What you should do:
Your answer should be each line of the entries that contains the word "ebar", copied in full.

--------------------

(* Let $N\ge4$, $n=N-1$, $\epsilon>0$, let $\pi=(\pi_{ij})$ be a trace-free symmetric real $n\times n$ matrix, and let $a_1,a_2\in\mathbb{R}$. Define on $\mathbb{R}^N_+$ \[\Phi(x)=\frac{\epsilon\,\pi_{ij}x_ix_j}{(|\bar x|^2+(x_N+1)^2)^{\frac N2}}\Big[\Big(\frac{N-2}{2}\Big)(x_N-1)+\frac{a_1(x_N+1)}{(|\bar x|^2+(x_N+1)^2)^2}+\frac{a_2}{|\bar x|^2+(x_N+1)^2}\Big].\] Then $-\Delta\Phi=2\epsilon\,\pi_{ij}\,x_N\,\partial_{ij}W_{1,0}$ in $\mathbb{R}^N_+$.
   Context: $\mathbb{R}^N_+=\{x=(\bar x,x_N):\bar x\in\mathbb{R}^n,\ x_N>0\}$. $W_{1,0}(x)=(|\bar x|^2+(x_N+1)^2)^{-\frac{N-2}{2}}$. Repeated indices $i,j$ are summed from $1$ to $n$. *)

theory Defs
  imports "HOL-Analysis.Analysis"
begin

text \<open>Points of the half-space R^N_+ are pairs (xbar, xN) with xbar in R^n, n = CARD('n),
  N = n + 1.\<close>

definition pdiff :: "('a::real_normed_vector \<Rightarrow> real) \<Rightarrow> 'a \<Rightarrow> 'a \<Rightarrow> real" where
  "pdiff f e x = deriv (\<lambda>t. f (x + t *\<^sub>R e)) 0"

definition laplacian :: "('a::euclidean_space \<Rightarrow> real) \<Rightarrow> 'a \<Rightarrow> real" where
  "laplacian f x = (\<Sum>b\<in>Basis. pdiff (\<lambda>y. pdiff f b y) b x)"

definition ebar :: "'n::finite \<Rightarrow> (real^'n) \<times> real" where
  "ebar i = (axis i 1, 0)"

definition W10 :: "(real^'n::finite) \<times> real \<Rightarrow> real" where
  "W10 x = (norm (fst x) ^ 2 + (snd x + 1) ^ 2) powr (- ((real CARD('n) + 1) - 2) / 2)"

--------------------

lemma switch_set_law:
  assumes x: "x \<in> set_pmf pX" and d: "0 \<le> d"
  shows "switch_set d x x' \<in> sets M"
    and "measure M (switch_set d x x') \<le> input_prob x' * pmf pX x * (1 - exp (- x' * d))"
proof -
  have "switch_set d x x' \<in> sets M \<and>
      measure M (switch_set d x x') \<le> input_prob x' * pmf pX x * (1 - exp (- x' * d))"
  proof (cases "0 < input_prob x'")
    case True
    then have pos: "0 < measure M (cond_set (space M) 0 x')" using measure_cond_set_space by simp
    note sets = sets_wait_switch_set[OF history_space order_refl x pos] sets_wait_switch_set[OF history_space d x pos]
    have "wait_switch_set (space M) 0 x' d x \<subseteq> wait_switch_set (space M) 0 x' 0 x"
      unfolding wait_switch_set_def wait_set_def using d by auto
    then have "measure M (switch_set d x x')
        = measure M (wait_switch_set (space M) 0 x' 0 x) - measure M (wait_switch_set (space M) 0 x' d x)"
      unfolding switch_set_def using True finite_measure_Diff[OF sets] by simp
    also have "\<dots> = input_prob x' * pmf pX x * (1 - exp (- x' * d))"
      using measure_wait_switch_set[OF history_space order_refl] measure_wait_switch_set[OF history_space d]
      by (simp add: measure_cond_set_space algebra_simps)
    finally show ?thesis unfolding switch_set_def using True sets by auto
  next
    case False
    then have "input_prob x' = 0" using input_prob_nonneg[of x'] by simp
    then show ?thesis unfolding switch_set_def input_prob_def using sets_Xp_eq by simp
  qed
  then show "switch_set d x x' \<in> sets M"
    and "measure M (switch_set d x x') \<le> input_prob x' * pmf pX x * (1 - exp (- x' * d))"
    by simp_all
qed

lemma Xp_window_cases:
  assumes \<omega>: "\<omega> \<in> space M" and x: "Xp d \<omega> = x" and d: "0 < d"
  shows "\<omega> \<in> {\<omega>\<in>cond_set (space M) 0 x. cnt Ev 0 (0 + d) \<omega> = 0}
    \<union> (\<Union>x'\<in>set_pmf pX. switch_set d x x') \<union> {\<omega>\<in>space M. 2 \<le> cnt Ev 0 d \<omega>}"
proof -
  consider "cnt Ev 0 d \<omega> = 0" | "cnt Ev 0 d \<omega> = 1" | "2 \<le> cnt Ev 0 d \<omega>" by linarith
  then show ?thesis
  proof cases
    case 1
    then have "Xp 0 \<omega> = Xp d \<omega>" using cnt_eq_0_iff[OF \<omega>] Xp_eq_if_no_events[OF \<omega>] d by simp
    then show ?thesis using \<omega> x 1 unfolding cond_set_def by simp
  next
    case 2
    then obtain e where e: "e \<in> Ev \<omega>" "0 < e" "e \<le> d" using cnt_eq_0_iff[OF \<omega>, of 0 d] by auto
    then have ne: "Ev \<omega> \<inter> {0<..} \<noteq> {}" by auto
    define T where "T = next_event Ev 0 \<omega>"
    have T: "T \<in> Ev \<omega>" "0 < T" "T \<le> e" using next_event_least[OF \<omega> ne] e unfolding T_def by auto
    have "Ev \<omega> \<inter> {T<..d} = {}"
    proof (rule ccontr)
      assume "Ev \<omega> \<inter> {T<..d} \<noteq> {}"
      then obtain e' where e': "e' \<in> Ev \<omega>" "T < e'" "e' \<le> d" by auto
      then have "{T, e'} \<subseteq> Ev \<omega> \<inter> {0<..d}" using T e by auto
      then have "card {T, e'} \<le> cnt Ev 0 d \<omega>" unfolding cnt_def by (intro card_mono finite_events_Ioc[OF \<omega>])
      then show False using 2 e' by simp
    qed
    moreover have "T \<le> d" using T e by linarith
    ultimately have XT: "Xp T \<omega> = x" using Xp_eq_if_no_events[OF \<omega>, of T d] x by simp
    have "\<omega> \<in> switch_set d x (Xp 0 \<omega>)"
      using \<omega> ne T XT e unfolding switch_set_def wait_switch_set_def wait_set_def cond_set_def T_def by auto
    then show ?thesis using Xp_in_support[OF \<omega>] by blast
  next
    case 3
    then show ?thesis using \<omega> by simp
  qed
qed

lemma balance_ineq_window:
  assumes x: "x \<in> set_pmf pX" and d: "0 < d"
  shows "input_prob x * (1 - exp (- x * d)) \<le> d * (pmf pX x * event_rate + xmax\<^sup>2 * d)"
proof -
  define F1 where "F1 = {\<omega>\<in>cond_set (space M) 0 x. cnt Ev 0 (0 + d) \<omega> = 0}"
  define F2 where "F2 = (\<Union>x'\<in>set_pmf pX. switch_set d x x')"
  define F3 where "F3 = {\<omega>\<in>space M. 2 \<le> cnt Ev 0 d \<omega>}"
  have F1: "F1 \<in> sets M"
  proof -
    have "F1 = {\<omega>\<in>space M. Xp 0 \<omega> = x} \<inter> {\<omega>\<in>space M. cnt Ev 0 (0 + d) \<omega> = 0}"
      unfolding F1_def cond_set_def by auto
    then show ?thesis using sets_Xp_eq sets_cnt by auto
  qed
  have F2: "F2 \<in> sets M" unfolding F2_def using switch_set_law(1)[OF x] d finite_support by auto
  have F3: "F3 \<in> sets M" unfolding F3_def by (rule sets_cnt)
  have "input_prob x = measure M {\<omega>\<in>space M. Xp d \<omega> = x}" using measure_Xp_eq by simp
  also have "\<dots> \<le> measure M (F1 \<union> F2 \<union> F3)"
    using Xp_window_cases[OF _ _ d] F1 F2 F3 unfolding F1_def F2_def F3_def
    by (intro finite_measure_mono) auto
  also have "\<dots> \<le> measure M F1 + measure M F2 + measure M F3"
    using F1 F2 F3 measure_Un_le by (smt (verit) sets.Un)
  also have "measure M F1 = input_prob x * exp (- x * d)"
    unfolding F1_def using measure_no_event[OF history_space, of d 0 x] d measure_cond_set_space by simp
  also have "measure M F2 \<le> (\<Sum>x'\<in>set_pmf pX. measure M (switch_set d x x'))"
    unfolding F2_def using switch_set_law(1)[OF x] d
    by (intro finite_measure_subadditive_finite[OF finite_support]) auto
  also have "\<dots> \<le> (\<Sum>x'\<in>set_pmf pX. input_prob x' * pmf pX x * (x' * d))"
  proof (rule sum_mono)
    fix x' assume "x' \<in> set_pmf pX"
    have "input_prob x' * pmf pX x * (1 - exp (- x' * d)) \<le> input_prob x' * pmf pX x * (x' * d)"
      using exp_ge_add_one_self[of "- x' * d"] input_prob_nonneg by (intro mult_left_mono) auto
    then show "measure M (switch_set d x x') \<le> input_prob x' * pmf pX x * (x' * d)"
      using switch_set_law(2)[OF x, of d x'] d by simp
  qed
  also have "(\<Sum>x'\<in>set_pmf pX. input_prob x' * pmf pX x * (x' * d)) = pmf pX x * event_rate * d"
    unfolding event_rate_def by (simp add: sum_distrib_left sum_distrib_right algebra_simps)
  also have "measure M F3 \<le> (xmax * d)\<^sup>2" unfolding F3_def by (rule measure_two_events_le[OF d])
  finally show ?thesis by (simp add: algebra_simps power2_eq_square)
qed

--------------------

Solution:
definition ebar :: "'n::finite \<Rightarrow> (real^'n) \<times> real" where
  "ebar i = (axis i 1, 0)"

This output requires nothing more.